**Activity:** How many lines in the data below contain the string "True"? Answer with the number only.

**Collected data entries:**
"""

(* (i) There exists a non-commutative semiring $S$ (with identity) which is additively cancellative, reduced, centrally essential, and has no non-zero zero-divisors. (ii) Let $S$ be an additively cancellative reduced semiring and let $D(S)$ be its ring of differences. Then $S$ is commutative if and only if $D(S)$ is a centrally essential ring.
   Context: A semiring is a set $S$ with two binary operations $+$ and $\cdot$ such that $(S,+)$ is a commutative monoid with neutral element $0$, $(S,\cdot)$ is a monoid with identity $1$, multiplication distributes over addition on both sides, and $0s=s0=0$ for all $s\in S$ (i.e. an associative ring with $1$ except that additive inverses need not exist). The center of $S$ is $C(S)=\{s\in S: ss'=s's \text{ for all } s'\in S\}$. $S$ is centrally essential if for every non-zero $x\in S$ there exist non-zero $y,z\in C(S)$ with $xy=z$ (for rings this is the same definition). $S$ is reduced if for all $x,y\in S$, $x^2+y^2=xy+yx$ implies $x=y$. $S$ is additively cancellative if $x+z=y+z$ implies $x=y$ for all $x,y,z\in S$. An additively cancellative semiring $S$ embeds as a subsemiring in a ring $D(S)$, its ring of differences, in which every element has the form $x-y$ with $x,y\in S$; $D(S)$ is unique up to isomorphism over $S$. An element $a\in S$ is a left zero-divisor if $ab=0$ for some non-zero $b\in S$ (right zero-divisors analogously); "without zero-divisors" means there are no non-zero zero-divisors. *)

theory Defs
  imports "HOL-Algebra.Ring"
begin

text \<open>Semirings with identity, represented by HOL-Algebra ring records
  (carrier, add, mult, zero, one). A semiring need not have additive inverses,
  and 0 = 1 is allowed.\<close>

definition semiring :: "('a, 'm) ring_scheme \<Rightarrow> bool" where
  "semiring S \<longleftrightarrow>
     \<zero>\<^bsub>S\<^esub> \<in> carrier S \<and> \<one>\<^bsub>S\<^esub> \<in> carrier S \<and>
     (\<forall>x\<in>carrier S. \<forall>y\<in>carrier S. x \<oplus>\<^bsub>S\<^esub> y \<in> carrier S \<and> x \<otimes>\<^bsub>S\<^esub> y \<in> carrier S) \<and>
     (\<forall>x\<in>carrier S. \<forall>y\<in>carrier S. \<forall>z\<in>carrier S.
        (x \<oplus>\<^bsub>S\<^esub> y) \<oplus>\<^bsub>S\<^esub> z = x \<oplus>\<^bsub>S\<^esub> (y \<oplus>\<^bsub>S\<^esub> z) \<and>
        (x \<otimes>\<^bsub>S\<^esub> y) \<otimes>\<^bsub>S\<^esub> z = x \<otimes>\<^bsub>S\<^esub> (y \<otimes>\<^bsub>S\<^esub> z) \<and>
        x \<otimes>\<^bsub>S\<^esub> (y \<oplus>\<^bsub>S\<^esub> z) = (x \<otimes>\<^bsub>S\<^esub> y) \<oplus>\<^bsub>S\<^esub> (x \<otimes>\<^bsub>S\<^esub> z) \<and>
        (y \<oplus>\<^bsub>S\<^esub> z) \<otimes>\<^bsub>S\<^esub> x = (y \<otimes>\<^bsub>S\<^esub> x) \<oplus>\<^bsub>S\<^esub> (z \<otimes>\<^bsub>S\<^esub> x)) \<and>
     (\<forall>x\<in>carrier S. \<forall>y\<in>carrier S. x \<oplus>\<^bsub>S\<^esub> y = y \<oplus>\<^bsub>S\<^esub> x) \<and>
     (\<forall>x\<in>carrier S. x \<oplus>\<^bsub>S\<^esub> \<zero>\<^bsub>S\<^esub> = x \<and>
        \<one>\<^bsub>S\<^esub> \<otimes>\<^bsub>S\<^esub> x = x \<and> x \<otimes>\<^bsub>S\<^esub> \<one>\<^bsub>S\<^esub> = x \<and>
        \<zero>\<^bsub>S\<^esub> \<otimes>\<^bsub>S\<^esub> x = \<zero>\<^bsub>S\<^esub> \<and> x \<otimes>\<^bsub>S\<^esub> \<zero>\<^bsub>S\<^esub> = \<zero>\<^bsub>S\<^esub>)"

definition center :: "('a, 'm) ring_scheme \<Rightarrow> 'a set" where
  "center S = {s \<in> carrier S. \<forall>t\<in>carrier S. s \<otimes>\<^bsub>S\<^esub> t = t \<otimes>\<^bsub>S\<^esub> s}"

definition centrally_essential :: "('a, 'm) ring_scheme \<Rightarrow> bool" where
  "centrally_essential S \<longleftrightarrow>
     (\<forall>x\<in>carrier S. x \<noteq> \<zero>\<^bsub>S\<^esub> \<longrightarrow>
        (\<exists>y\<in>center S. \<exists>z\<in>center S. y \<noteq> \<zero>\<^bsub>S\<^esub> \<and> z \<noteq> \<zero>\<^bsub>S\<^esub> \<and> x \<otimes>\<^bsub>S\<^esub> y = z))"

definition reduced :: "('a, 'm) ring_scheme \<Rightarrow> bool" where
  "reduced S \<longleftrightarrow>
     (\<forall>x\<in>carrier S. \<forall>y\<in>carrier S.
        (x \<otimes>\<^bsub>S\<^esub> x) \<oplus>\<^bsub>S\<^esub> (y \<otimes>\<^bsub>S\<^esub> y) = (x \<otimes>\<^bsub>S\<^esub> y) \<oplus>\<^bsub>S\<^esub> (y \<otimes>\<^bsub>S\<^esub> x) \<longrightarrow> x = y)"
lemma lexless_imp_not_all_zero: "lexless xs ys \<Longrightarrow> \<not> all_zero ys"
proof (induction xs arbitrary: ys)
  case (Cons x xs) then show ?case by (cases ys) auto
qed simp

lemma not_lexless_all_zero [simp]: "all_zero ys \<Longrightarrow> \<not> lexless xs ys"
  using lexless_imp_not_all_zero by blast

lemma not_all_zero_decomp:
  assumes "\<not> all_zero xs"
  obtains pre v t where "xs = pre @ v # replicate t 0" "v \<noteq> 0"
  using assms
proof (induction xs arbitrary: thesis rule: rev_induct)
  case Nil then show ?case by simp
next
  case (snoc x xs)
  show ?case
  proof (cases "x = 0")
    case False
    then show ?thesis using snoc.prems(1)[of xs x 0] by simp
  next
    case True
    then have "\<not> all_zero xs" using snoc.prems(2) by (simp add: all_zero_def)
    then obtain pre v t where "xs = pre @ v # replicate t 0" "v \<noteq> 0" using snoc.IH by blast
    then show ?thesis
      using True snoc.prems(1)[of pre v "Suc t"] by (simp add: replicate_append_same[symmetric])
  qed
qed

definition trailing_zeros :: "nat list \<Rightarrow> nat" where
  "trailing_zeros xs = length (takeWhile (\<lambda>x. x = 0) (rev xs))"

lemma trailing_zeros_append_Cons_replicate:
  "v \<noteq> 0 \<Longrightarrow> trailing_zeros (pre @ v # replicate t 0) = t"
  by (simp add: trailing_zeros_def takeWhile_append)

lemma trailing_zeros_append_Cons:
  "\<not> all_zero ys \<Longrightarrow> trailing_zeros (pre @ a # ys) = trailing_zeros ys"
  by (auto simp: trailing_zeros_def all_zero_def)

lemma trailing_zeros_less_length: "\<not> all_zero xs \<Longrightarrow> trailing_zeros xs < length xs"
  by (elim not_all_zero_decomp) (simp add: trailing_zeros_append_Cons_replicate)

lemma lexless_below_Suc_cases:
  assumes "lexless ws (pre @ Suc a # replicate t 0)" "length ws = length pre + Suc t"
  shows "(\<exists>ys. length ys = t \<and> ws = pre @ a # ys) \<or> (\<forall>ys. lexless ws (pre @ a # ys))"
  using assms
proof (induction pre arbitrary: ws)
  case Nil
  then obtain w W where "ws = w # W" "length W = t" "w \<le> a" by (cases ws) auto
  then show ?case by (cases "w = a") auto
next
  case (Cons p P)
  then obtain w W where "ws = w # W" by (cases ws) auto
  then show ?case using Cons by (cases "w = p") auto
qed

lemma eventually_lexless_Suc_Cons:
  "zs \<noteq> [] \<Longrightarrow> \<forall>\<^sub>F n in sequentially. lexless zs (Suc n # ys)"
  by (cases zs) (auto intro!: eventually_sequentiallyI[of "hd zs"])

lemma bij_betw_image_Collect:
  assumes "bij_betw f A B" "\<And>w. w \<in> A \<Longrightarrow> P w \<longleftrightarrow> Q (f w)"
  shows "f ` {w\<in>A. P w} = {w\<in>B. Q w}"
  using assms by (auto simp: bij_betw_def)

fun limit_degree_ge :: "'a set \<Rightarrow> ('a \<Rightarrow> 'a \<Rightarrow> bool) \<Rightarrow> nat \<Rightarrow> 'a \<Rightarrow> bool" where
  "limit_degree_ge A r 0 x = True"
| "limit_degree_ge A r (Suc d) x \<longleftrightarrow>
     (\<forall>z\<in>A. r z x \<longrightarrow> infinite {w\<in>A. r z w \<and> r w x \<and> limit_degree_ge A r d w})"

declare limit_degree_ge.simps(2) [simp del]

lemma limit_degree_ge_iso:
  assumes bij: "bij_betw f A B" and ord: "\<forall>x\<in>A. \<forall>y\<in>A. r x y \<longleftrightarrow> s (f x) (f y)"
  shows "x \<in> A \<Longrightarrow> limit_degree_ge B s d (f x) \<longleftrightarrow> limit_degree_ge A r d x"
proof (induction d arbitrary: x)
  case (Suc d)
  have inj: "inj_on f A" and B: "B = f ` A" using bij by (auto simp: bij_betw_def)
  have "infinite {w\<in>B. s (f z) w \<and> s w (f x) \<and> limit_degree_ge B s d w}
    \<longleftrightarrow> infinite {w\<in>A. r z w \<and> r w x \<and> limit_degree_ge A r d w}" if "z \<in> A" for z
  proof -
    have "{w\<in>B. s (f z) w \<and> s w (f x) \<and> limit_degree_ge B s d w}
        = f ` {w\<in>A. r z w \<and> r w x \<and> limit_degree_ge A r d w}"
      using that Suc ord by (intro bij_betw_image_Collect[OF bij, symmetric]) auto
    moreover have "inj_on f {w\<in>A. r z w \<and> r w x \<and> limit_degree_ge A r d w}"
      using inj by (rule inj_on_subset) auto
    ultimately show ?thesis by (simp add: finite_image_iff)
  qed
  then show ?case
    using Suc.prems ord unfolding limit_degree_ge.simps(2) B by auto
qed simp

"""

**Exercise result:** 3